Task prompt
Below are the records; copy exactly the stretch from the line containing "by (simp add: piP_eq_hessian_combination)" through the line containing "by (auto simp: span_breakdown_eq", both ends included, and nothing else.

[Dataset entries]
|---|

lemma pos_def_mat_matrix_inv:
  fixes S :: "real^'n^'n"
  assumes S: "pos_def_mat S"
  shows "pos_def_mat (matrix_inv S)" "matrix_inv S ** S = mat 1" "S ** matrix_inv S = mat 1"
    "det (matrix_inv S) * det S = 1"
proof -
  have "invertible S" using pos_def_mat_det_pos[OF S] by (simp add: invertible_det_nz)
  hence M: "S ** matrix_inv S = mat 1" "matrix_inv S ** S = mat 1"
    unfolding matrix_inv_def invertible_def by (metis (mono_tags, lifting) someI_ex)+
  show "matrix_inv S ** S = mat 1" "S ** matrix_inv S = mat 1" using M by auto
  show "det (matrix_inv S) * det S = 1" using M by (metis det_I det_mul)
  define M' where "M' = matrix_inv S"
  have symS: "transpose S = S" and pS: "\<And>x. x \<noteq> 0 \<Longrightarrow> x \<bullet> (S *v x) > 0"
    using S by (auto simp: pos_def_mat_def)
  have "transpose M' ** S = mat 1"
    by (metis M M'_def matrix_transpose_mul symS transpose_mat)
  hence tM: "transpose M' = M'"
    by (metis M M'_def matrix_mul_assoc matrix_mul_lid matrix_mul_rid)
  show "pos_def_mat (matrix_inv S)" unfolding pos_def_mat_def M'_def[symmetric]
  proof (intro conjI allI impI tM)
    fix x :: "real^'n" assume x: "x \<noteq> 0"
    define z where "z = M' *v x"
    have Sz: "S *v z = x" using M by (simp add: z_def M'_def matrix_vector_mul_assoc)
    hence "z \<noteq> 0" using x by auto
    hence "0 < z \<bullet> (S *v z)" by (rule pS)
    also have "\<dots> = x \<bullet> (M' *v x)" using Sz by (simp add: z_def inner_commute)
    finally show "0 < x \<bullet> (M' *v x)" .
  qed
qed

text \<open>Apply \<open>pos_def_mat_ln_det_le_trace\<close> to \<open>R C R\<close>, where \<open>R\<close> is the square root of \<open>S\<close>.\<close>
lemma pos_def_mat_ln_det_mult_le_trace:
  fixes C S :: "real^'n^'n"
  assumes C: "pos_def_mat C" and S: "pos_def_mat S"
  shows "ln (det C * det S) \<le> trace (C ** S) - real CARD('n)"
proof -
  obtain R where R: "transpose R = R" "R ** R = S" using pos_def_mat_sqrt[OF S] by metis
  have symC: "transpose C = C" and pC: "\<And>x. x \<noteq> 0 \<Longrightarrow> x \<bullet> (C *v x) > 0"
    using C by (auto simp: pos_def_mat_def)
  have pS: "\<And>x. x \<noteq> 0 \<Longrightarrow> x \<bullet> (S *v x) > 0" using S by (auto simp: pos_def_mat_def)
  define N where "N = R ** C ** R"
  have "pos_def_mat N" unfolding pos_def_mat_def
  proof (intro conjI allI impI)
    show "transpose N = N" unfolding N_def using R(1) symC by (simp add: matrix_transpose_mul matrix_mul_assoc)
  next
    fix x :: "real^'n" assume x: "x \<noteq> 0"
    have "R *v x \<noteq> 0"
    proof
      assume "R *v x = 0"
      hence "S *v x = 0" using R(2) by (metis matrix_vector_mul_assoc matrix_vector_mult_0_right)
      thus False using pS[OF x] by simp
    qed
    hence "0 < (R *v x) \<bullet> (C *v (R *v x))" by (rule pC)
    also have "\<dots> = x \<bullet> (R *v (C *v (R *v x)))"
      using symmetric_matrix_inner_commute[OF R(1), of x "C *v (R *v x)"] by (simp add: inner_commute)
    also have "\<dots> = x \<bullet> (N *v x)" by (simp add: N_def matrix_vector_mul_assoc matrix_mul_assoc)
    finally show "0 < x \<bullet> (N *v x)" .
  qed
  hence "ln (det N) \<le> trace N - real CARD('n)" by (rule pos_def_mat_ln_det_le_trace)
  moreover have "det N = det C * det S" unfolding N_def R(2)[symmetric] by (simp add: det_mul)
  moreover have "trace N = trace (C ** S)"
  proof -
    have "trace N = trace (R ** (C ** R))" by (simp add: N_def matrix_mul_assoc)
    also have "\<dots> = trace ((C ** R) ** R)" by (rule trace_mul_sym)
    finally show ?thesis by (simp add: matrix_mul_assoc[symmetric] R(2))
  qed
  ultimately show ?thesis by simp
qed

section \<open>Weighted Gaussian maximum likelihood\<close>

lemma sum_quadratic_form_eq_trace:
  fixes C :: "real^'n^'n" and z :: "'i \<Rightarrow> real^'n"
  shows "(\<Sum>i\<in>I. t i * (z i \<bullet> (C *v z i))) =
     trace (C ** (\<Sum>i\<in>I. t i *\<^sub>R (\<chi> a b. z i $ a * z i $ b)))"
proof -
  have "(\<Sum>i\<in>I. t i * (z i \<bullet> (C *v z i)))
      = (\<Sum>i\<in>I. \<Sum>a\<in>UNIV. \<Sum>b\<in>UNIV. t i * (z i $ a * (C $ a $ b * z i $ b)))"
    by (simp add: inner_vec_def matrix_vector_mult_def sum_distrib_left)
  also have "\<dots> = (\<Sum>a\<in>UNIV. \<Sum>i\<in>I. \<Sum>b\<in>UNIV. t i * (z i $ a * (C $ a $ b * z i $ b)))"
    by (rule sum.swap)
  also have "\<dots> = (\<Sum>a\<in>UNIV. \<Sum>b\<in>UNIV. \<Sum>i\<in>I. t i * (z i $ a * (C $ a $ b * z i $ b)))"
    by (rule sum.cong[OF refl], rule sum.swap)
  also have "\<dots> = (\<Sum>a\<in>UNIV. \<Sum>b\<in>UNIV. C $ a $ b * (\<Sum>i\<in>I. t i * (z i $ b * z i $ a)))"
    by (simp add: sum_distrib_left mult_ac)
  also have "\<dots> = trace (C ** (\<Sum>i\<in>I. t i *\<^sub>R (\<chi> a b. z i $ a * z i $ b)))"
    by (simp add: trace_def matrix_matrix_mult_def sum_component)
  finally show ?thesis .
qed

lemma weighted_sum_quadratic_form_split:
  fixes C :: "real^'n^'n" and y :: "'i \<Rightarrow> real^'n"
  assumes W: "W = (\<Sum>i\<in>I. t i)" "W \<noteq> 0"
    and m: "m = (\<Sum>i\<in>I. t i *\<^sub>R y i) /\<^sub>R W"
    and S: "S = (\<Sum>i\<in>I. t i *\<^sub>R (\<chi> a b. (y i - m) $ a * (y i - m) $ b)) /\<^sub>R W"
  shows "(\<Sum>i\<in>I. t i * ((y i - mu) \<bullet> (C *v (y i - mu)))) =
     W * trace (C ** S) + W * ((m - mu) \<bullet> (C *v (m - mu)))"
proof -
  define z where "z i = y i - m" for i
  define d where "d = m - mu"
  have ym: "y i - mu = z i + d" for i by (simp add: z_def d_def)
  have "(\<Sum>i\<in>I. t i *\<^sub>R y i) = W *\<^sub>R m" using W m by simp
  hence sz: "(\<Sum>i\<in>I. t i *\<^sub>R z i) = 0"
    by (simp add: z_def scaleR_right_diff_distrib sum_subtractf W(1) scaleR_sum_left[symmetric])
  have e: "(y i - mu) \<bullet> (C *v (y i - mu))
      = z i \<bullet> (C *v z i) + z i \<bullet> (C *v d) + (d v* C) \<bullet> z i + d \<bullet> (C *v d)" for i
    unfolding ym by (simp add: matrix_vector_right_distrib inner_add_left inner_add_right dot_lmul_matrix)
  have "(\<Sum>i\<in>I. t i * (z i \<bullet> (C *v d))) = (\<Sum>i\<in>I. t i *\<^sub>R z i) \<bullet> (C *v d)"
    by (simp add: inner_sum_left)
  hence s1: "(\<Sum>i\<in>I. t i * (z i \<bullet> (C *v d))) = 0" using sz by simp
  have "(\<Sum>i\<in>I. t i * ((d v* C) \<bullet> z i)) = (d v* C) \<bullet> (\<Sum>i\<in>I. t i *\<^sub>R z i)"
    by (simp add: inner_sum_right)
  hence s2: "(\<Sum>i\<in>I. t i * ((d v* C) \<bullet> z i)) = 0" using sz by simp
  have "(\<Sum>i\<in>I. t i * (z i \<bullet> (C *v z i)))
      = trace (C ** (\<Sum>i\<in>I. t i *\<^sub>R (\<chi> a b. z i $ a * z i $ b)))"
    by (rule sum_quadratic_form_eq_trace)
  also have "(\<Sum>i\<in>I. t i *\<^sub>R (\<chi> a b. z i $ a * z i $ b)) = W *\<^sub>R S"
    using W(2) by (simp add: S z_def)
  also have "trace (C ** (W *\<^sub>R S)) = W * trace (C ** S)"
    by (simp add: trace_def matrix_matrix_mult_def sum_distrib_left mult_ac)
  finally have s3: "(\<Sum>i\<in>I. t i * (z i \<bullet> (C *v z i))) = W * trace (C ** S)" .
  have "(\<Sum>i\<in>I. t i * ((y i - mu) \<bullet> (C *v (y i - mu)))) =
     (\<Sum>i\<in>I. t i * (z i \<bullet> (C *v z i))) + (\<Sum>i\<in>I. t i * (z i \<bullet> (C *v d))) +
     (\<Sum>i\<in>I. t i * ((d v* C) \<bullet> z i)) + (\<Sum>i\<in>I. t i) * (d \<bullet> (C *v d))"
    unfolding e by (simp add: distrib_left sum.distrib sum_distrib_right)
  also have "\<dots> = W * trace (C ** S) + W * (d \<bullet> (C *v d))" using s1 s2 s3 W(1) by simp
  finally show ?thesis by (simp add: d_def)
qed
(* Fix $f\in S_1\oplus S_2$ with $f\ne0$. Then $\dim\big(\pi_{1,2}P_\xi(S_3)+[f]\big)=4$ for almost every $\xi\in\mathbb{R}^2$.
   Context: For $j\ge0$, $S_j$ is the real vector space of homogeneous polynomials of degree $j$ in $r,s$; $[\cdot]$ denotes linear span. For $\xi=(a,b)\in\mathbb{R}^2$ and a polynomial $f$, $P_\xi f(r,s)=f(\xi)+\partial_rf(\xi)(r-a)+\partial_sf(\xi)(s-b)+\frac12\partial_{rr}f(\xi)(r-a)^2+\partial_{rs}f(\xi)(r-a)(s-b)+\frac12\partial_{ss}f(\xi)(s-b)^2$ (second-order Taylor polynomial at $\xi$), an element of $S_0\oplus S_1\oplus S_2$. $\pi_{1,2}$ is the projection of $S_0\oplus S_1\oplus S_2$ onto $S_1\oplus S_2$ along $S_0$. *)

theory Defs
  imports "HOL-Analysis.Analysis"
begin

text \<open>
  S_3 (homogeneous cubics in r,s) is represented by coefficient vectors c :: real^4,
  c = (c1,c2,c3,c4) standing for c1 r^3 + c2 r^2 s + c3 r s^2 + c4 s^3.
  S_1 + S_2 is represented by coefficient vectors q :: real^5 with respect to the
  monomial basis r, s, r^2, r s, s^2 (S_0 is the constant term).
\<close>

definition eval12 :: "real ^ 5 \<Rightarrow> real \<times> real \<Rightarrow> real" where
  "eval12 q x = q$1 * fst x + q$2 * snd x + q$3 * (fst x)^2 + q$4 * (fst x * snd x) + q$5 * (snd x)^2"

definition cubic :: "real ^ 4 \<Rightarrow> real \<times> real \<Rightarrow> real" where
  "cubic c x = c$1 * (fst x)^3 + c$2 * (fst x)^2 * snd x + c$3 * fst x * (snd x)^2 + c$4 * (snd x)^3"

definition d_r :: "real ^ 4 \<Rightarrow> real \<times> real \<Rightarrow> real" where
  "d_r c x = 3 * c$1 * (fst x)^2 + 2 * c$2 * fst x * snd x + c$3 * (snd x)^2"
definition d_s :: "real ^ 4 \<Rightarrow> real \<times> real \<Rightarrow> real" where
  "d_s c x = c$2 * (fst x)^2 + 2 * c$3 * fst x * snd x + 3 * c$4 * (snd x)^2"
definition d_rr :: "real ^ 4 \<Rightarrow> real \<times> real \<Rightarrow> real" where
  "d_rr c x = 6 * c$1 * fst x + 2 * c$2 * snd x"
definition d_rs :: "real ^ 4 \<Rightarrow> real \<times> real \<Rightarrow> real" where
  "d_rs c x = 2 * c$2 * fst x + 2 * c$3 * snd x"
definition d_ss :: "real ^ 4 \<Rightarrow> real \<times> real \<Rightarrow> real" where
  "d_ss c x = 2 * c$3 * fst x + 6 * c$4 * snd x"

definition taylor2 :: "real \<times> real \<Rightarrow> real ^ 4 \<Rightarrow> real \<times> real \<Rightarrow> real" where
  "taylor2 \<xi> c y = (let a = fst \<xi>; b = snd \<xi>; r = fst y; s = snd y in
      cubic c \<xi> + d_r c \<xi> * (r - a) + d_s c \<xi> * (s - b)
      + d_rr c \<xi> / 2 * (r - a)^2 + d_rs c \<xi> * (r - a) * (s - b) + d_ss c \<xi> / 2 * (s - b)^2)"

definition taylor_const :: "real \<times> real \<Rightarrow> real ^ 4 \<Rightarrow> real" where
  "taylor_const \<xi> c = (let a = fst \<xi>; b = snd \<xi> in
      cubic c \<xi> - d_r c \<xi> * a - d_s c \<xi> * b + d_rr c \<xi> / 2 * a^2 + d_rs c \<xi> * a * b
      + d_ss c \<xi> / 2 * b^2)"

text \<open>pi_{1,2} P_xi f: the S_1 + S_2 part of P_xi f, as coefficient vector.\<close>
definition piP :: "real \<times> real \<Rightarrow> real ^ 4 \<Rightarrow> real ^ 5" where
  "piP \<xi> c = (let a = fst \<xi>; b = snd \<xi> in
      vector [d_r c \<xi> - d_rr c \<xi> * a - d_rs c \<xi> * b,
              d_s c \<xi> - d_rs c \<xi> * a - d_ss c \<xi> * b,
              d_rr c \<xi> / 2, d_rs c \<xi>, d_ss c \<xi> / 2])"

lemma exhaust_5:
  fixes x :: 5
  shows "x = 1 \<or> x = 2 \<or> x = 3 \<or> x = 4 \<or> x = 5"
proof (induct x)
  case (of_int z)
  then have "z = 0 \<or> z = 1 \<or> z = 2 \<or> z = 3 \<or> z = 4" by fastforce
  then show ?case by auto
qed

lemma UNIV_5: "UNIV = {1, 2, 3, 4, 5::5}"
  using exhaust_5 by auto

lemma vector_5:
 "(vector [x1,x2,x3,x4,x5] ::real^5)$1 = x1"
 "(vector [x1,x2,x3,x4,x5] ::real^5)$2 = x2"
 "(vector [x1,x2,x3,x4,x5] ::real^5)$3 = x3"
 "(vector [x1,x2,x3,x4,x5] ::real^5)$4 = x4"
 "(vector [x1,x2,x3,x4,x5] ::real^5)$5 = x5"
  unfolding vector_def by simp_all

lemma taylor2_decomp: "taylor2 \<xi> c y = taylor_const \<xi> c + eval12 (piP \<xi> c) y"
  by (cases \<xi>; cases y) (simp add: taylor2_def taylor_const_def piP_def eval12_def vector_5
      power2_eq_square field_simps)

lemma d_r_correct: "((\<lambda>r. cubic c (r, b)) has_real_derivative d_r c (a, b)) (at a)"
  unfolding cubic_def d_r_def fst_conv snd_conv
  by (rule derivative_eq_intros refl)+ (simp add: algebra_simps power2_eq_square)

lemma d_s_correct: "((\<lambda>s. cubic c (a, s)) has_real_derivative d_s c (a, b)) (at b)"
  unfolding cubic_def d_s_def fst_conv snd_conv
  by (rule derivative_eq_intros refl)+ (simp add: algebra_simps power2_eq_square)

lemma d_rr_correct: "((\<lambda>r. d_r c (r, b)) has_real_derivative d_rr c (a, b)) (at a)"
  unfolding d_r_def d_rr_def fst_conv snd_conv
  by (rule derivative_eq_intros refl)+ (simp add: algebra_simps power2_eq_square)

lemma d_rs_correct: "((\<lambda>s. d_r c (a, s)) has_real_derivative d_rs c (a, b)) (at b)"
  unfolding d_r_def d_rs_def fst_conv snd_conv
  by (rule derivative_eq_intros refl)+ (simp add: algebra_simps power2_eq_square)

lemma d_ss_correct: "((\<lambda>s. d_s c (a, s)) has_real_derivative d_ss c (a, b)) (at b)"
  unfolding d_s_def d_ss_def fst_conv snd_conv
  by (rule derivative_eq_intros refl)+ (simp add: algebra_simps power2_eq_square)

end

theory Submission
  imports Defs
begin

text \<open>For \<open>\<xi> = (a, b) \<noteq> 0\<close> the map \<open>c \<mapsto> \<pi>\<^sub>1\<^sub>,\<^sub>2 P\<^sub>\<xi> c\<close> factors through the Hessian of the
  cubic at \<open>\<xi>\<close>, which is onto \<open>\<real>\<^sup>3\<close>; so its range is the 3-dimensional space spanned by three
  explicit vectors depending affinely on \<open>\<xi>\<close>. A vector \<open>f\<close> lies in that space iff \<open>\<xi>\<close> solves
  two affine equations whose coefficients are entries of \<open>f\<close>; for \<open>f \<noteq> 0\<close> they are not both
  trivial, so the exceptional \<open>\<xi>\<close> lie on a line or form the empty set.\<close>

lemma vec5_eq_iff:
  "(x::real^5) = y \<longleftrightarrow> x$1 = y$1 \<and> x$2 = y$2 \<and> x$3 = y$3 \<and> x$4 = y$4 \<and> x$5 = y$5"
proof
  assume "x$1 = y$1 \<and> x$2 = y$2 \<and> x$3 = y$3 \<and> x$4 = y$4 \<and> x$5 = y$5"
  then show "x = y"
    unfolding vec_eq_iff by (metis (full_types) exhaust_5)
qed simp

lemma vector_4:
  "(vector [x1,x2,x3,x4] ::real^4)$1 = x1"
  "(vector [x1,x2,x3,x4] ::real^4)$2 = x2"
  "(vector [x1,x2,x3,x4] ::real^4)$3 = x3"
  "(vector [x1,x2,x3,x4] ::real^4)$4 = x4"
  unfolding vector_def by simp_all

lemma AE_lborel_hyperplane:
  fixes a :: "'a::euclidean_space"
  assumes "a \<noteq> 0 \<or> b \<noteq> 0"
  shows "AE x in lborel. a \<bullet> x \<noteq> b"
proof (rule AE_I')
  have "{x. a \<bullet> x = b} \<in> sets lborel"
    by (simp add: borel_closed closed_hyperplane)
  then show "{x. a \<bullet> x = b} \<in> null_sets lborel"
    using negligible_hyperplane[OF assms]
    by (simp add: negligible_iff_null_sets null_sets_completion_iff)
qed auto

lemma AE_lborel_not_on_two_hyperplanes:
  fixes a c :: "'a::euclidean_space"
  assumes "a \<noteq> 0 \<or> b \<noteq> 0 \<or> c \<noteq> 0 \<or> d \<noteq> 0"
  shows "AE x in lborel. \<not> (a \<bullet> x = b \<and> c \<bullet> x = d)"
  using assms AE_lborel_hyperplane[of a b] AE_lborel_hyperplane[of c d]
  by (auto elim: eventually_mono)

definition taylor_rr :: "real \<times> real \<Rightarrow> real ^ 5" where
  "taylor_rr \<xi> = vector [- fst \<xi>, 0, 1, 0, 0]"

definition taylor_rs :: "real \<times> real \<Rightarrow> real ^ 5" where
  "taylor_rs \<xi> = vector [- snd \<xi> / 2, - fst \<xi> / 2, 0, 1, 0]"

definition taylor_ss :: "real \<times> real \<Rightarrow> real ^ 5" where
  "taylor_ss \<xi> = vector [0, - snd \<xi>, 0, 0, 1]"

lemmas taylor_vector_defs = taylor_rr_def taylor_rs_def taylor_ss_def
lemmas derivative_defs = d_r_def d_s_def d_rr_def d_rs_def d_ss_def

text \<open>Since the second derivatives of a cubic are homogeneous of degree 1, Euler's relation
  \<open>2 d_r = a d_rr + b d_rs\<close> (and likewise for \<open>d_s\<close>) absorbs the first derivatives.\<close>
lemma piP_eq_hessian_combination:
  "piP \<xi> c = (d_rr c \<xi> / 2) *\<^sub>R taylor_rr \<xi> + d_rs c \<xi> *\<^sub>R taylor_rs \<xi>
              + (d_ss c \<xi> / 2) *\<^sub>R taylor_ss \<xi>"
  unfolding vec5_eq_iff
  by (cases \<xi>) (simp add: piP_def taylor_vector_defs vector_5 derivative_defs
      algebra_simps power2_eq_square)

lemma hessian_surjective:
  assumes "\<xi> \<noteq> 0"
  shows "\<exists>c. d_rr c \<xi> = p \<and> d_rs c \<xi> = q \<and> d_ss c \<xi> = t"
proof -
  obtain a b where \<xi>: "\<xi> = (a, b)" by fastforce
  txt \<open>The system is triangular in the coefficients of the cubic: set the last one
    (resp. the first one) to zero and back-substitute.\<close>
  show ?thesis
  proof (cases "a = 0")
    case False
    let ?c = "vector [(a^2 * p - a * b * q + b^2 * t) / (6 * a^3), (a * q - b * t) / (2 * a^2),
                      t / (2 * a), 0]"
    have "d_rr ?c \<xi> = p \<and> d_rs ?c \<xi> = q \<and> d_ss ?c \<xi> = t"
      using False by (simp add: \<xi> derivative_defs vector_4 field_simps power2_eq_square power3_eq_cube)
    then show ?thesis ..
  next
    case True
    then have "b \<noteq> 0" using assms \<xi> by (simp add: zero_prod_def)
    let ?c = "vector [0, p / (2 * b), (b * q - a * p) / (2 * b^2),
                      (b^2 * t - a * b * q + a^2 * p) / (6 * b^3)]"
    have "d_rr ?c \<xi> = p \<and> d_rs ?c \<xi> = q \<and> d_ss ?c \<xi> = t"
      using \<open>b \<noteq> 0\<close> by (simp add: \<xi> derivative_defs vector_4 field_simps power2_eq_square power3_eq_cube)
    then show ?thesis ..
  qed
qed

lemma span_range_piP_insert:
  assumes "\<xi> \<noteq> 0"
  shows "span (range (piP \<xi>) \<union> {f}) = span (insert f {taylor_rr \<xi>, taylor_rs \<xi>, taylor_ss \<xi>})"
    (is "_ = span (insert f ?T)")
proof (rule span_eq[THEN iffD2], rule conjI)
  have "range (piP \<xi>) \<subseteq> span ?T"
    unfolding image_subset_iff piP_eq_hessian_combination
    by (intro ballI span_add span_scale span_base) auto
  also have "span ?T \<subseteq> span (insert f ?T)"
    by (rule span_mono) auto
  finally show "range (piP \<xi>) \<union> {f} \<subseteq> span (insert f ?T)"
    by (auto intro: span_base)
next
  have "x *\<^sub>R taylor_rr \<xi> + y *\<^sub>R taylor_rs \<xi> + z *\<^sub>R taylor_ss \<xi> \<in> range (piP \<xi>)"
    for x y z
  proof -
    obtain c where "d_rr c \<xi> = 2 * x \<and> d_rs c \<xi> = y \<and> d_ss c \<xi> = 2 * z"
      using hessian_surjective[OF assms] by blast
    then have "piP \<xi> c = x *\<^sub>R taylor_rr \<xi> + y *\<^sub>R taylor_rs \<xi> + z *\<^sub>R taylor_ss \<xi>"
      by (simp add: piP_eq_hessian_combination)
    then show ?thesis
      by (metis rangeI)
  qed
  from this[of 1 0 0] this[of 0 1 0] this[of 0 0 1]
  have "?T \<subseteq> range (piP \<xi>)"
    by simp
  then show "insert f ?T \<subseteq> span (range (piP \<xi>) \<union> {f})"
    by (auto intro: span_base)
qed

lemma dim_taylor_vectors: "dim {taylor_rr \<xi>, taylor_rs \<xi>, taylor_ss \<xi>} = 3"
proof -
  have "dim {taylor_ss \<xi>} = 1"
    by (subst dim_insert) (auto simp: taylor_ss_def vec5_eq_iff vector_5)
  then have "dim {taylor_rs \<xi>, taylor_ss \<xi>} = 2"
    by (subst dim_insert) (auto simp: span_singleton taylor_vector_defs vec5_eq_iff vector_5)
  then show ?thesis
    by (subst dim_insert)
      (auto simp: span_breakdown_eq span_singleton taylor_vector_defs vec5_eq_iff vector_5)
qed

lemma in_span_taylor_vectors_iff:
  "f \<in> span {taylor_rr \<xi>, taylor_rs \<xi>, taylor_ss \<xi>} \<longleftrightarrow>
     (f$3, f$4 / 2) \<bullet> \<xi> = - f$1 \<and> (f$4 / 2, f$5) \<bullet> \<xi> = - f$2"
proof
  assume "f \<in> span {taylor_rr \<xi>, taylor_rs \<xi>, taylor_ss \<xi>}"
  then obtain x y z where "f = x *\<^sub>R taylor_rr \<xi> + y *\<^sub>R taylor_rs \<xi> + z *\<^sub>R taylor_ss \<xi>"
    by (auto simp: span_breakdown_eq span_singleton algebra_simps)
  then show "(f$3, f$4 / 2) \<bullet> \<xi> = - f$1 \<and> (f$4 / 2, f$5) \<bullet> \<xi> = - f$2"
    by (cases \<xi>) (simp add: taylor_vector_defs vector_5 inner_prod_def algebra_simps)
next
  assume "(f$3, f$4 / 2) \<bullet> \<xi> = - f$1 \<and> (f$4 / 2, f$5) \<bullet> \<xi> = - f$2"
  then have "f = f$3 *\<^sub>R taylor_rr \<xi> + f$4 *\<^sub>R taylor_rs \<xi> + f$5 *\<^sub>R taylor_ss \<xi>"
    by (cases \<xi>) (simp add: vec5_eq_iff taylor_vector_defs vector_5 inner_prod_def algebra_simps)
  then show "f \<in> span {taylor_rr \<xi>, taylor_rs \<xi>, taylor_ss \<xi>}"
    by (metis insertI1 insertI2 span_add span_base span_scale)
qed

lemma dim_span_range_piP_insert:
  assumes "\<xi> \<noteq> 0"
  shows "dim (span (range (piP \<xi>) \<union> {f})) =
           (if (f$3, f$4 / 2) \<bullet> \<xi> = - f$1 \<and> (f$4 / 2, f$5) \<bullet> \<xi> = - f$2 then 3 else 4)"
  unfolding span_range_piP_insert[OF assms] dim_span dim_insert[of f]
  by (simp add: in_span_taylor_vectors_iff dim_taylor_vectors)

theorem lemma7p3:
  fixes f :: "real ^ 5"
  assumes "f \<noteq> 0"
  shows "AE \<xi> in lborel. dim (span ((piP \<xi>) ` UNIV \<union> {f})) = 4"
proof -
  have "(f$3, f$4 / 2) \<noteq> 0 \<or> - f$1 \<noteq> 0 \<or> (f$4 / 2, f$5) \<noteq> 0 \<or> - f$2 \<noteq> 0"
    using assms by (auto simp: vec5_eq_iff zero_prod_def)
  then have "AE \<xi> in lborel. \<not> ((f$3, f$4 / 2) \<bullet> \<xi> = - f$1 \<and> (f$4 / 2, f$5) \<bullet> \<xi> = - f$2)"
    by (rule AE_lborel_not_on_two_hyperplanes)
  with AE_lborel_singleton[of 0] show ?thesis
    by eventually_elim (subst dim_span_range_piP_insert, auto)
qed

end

|---|

Response to the exercise
      by (simp add: piP_eq_hessian_combination)
    then show ?thesis
      by (metis rangeI)
  qed
  from this[of 1 0 0] this[of 0 1 0] this[of 0 0 1]
  have "?T \<subseteq> range (piP \<xi>)"
    by simp
  then show "insert f ?T \<subseteq> span (range (piP \<xi>) \<union> {f})"
    by (auto intro: span_base)
qed

lemma dim_taylor_vectors: "dim {taylor_rr \<xi>, taylor_rs \<xi>, taylor_ss \<xi>} = 3"
proof -
  have "dim {taylor_ss \<xi>} = 1"
    by (subst dim_insert) (auto simp: taylor_ss_def vec5_eq_iff vector_5)
  then have "dim {taylor_rs \<xi>, taylor_ss \<xi>} = 2"
    by (subst dim_insert) (auto simp: span_singleton taylor_vector_defs vec5_eq_iff vector_5)
  then show ?thesis
    by (subst dim_insert)
      (auto simp: span_breakdown_eq span_singleton taylor_vector_defs vec5_eq_iff vector_5)
qed

lemma in_span_taylor_vectors_iff:
  "f \<in> span {taylor_rr \<xi>, taylor_rs \<xi>, taylor_ss \<xi>} \<longleftrightarrow>
     (f$3, f$4 / 2) \<bullet> \<xi> = - f$1 \<and> (f$4 / 2, f$5) \<bullet> \<xi> = - f$2"
proof
  assume "f \<in> span {taylor_rr \<xi>, taylor_rs \<xi>, taylor_ss \<xi>}"
  then obtain x y z where "f = x *\<^sub>R taylor_rr \<xi> + y *\<^sub>R taylor_rs \<xi> + z *\<^sub>R taylor_ss \<xi>"
    by (auto simp: span_breakdown_eq span_singleton algebra_simps)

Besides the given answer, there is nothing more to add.